### Supplied entries ###

(* Let $F$ be an Archimedean vector lattice and $E\subset F$ a sublattice. If $E$ is regular and the ideal $I(E)$ generated by $E$ is a projection band, then the inclusion of $E$ into $F$ is an order embedding. Conversely, if $E$ is order dense in $I(E)$ and the inclusion of $E$ into $F$ is an order embedding, then $I(E)$ is a projection band.
   Context: A sublattice $E\subset F$ is regular if for every $G\subset E$ with $\bigwedge_E G=0$ (infimum in $E$) one has $\bigwedge_F G=0$. $E$ is order dense in a sublattice $H\supset E$ if for every $h\in H$ with $h>0$ there is $e\in E$ with $0<e\le h$. An ideal $H$ is a projection band if $F=H+H^d$, where $H^d$ is the disjoint complement. A net order converges to $f$ if there is a set $G$ with $\bigwedge G=0$ such that for every $g\in G$ the net is eventually in $[f-g,f+g]$. The inclusion of $E$ into $F$ is an order embedding if for nets in $E$ and points of $E$, order convergence in $E$ is equivalent to order convergence in $F$. *)

theory Defs
  imports Complex_Main
begin

text \<open>Vector lattices are modelled by the type class
  ordered_real_vector + lattice (the lattice order is the vector order).\<close>

definition vabs :: "'a::{ordered_real_vector, lattice} \<Rightarrow> 'a" where
  "vabs x = sup x (- x)"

###

= Task description =
Using the material above, return each line in which the word "vabs" occurs.

= Solution to this task =
definition vabs :: "'a::{ordered_real_vector, lattice} \<Rightarrow> 'a" where
  "vabs x = sup x (- x)"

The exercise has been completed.